> **EXERCISE BRIEF**
Please copy every line from the following entries in which the word "close" appears.

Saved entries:
(* Let $s\ge 1$, let $1\le p\le\infty$, and let $d^p$ be the $\ell^p$-votewise distance built from any family of maps $d_C:L(C)\times L(C)\to[0,\infty)$ satisfying $d_C(\rho,\rho)=0$ and the triangle inequality. Then $\mathcal R(\mathrm{Unam}^s,d^p)$ is homogeneous: $\mathcal R(\mathrm{Unam}^s,d^p)(E)=\mathcal R(\mathrm{Unam}^s,d^p)(E')$ whenever $E\sim_H E'$.
   Context: Elections: $E=(C,V,\pi)$ with $C$ a finite subset of a countably infinite set $C^*$, $V$ a finite nonempty subset of a countably infinite set $V^*$, $\pi:V\to L(C)$ ($L(C)$ = strict linear orders of $C$, $L_s(C)$ = strict linear orders of $s$ distinct elements of $C$). Homogeneity relation $\sim_H$: same candidate set $C$ and $|\pi^{-1}(\rho)|/|V|=|\pi'^{-1}(\rho)|/|V'|$ for all $\rho\in L(C)$. $\mathrm{Unam}^s$ is the $s$-consensus whose domain consists of the elections with $|C|\ge s$ in which all voters rank the same $s$ candidates, in the same order, in their top $s$ positions, the consensus value being this common $s$-ranking; $\mathrm{Unam}^s_r$ is the set of elections with value $r$. Votewise $\ell^p$ distance: fix an enumeration of $V^*$; for $E=(C,V,\pi),E'=(C,V,\pi')$ with $V=\{v_1<\dots<v_n\}$, $d^p(E,E')=\|(d_C(\pi(v_1),\pi'(v_1)),\dots,d_C(\pi(v_n),\pi'(v_n)))\|_p$, and $d^p(E,E')=\infty$ if the candidate sets or voter sets differ. $d(E,A)=\inf_{F\in A}d(E,F)$ ($\infty$ if $A=\emptyset$); $\mathcal R(\mathcal K,d)(E)$ is the set of $r\in L_s(C^* )$ with $d(E,\mathcal K_r)=\inf_{r'\in L_s(C^* )}d(E,\mathcal K_{r'})$. *)

theory Defs
  imports "HOL-Library.Extended_Real" "HOL-Library.Countable"
begin

text \<open>A strict linear order of C is represented by the list of the elements of C
  from best to worst (a distinct list whose set is C).\<close>

type_synonym ('c, 'v) election = "'c set \<times> 'v set \<times> ('v \<Rightarrow> 'c list)"

definition linord :: "'c set \<Rightarrow> 'c list set" where
  "linord C = {xs. distinct xs \<and> set xs = C}"

definition linord_s :: "nat \<Rightarrow> 'c list set" where
  "linord_s s = {xs. distinct xs \<and> length xs = s}"

definition is_election :: "('c, 'v) election \<Rightarrow> bool" where
  "is_election E = (case E of (C, V, \<pi>) \<Rightarrow>
     finite C \<and> finite V \<and> V \<noteq> {} \<and> (\<forall>v\<in>V. \<pi> v \<in> linord C))"

definition hom_rel :: "('c, 'v) election \<Rightarrow> ('c, 'v) election \<Rightarrow> bool" where
  "hom_rel E E' = (case E of (C, V, \<pi>) \<Rightarrow> case E' of (C', V', \<pi>') \<Rightarrow>
     is_election E \<and> is_election E' \<and> C = C' \<and>
     (\<forall>\<rho>\<in>linord C. real (card {v\<in>V. \<pi> v = \<rho>}) / real (card V)
                    = real (card {v\<in>V'. \<pi>' v = \<rho>}) / real (card V')))"

definition unam :: "nat \<Rightarrow> 'c list \<Rightarrow> ('c, 'v) election set" where
  "unam s r = {(C, V, \<pi>). is_election (C, V, \<pi>) \<and> s \<le> card C \<and> (\<forall>v\<in>V. take s (\<pi> v) = r)}"

text \<open>Since the l^p norm is invariant under permutation of coordinates, the fixed enumeration of
  the voter universe is irrelevant and we sum/maximize over V directly.\<close>
definition votewise_dist ::
  "('c set \<Rightarrow> 'c list \<Rightarrow> 'c list \<Rightarrow> real) \<Rightarrow> ereal \<Rightarrow> ('c, 'v) election \<Rightarrow> ('c, 'v) election \<Rightarrow> ereal" where
  "votewise_dist dC p E E' = (case E of (C, V, \<pi>) \<Rightarrow> case E' of (C', V', \<pi>') \<Rightarrow>
     if C = C' \<and> V = V' then
       (if p = \<infinity> then ereal (Max ((\<lambda>v. dC C (\<pi> v) (\<pi>' v)) ` V))
        else ereal ((\<Sum>v\<in>V. dC C (\<pi> v) (\<pi>' v) powr real_of_ereal p) powr (1 / real_of_ereal p)))
     else \<infinity>)"

definition set_dist :: "('e \<Rightarrow> 'e \<Rightarrow> ereal) \<Rightarrow> 'e \<Rightarrow> 'e set \<Rightarrow> ereal" where
  "set_dist d E A = (INF F\<in>A. d E F)"

definition dr_rule :: "nat \<Rightarrow> ('c list \<Rightarrow> 'e set) \<Rightarrow> ('e \<Rightarrow> 'e \<Rightarrow> ereal) \<Rightarrow> 'e \<Rightarrow> 'c list set" where
  "dr_rule s K d E = {r \<in> linord_s s.
     set_dist d E (K r) = (INF r'\<in>linord_s s. set_dist d E (K r'))}"

end

theory Submission
  imports Defs
begin

text \<open>Reaching Unam^s_r from E = (C, V, \<pi>) means replacing every vote by a ranking of C that
  starts with r, and the votes can be replaced independently.  Hence the distance from E to
  Unam^s_r is the \<ell>^p-aggregate of the per-vote distances m_r(\<pi> v) to the nearest such ranking
  (and \<infinity> if r is not a list of candidates of C).  Grouping voters by their vote, this
  aggregate is a strictly increasing function, depending on |V| only, of a cost that depends
  only on the shares of the rankings in E: the share-weighted sum of m_r^p for finite p, and the
  maximum of m_r over the rankings that occur for p = \<infinity>.  So the comparison of any two
  values r, r' depends only on the vote shares, which homogeneous elections have in common.\<close>

lemma finite_linord: "finite C \<Longrightarrow> finite (linord C)"
  by (rule finite_subset[OF _ finite_subset_distinct[of C]]) (auto simp: linord_def)

definition extensions :: "nat \<Rightarrow> 'c set \<Rightarrow> 'c list \<Rightarrow> 'c list set" where
  "extensions s C r = {\<sigma> \<in> linord C. take s \<sigma> = r}"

> **EXERCISE ANSWER**
  from best to worst (a distinct list whose set is C).\<close>
  the voter universe is irrelevant and we sum/maximize over V directly.\<close>
  values r, r' depends only on the vote shares, which homogeneous elections have in common.\<close>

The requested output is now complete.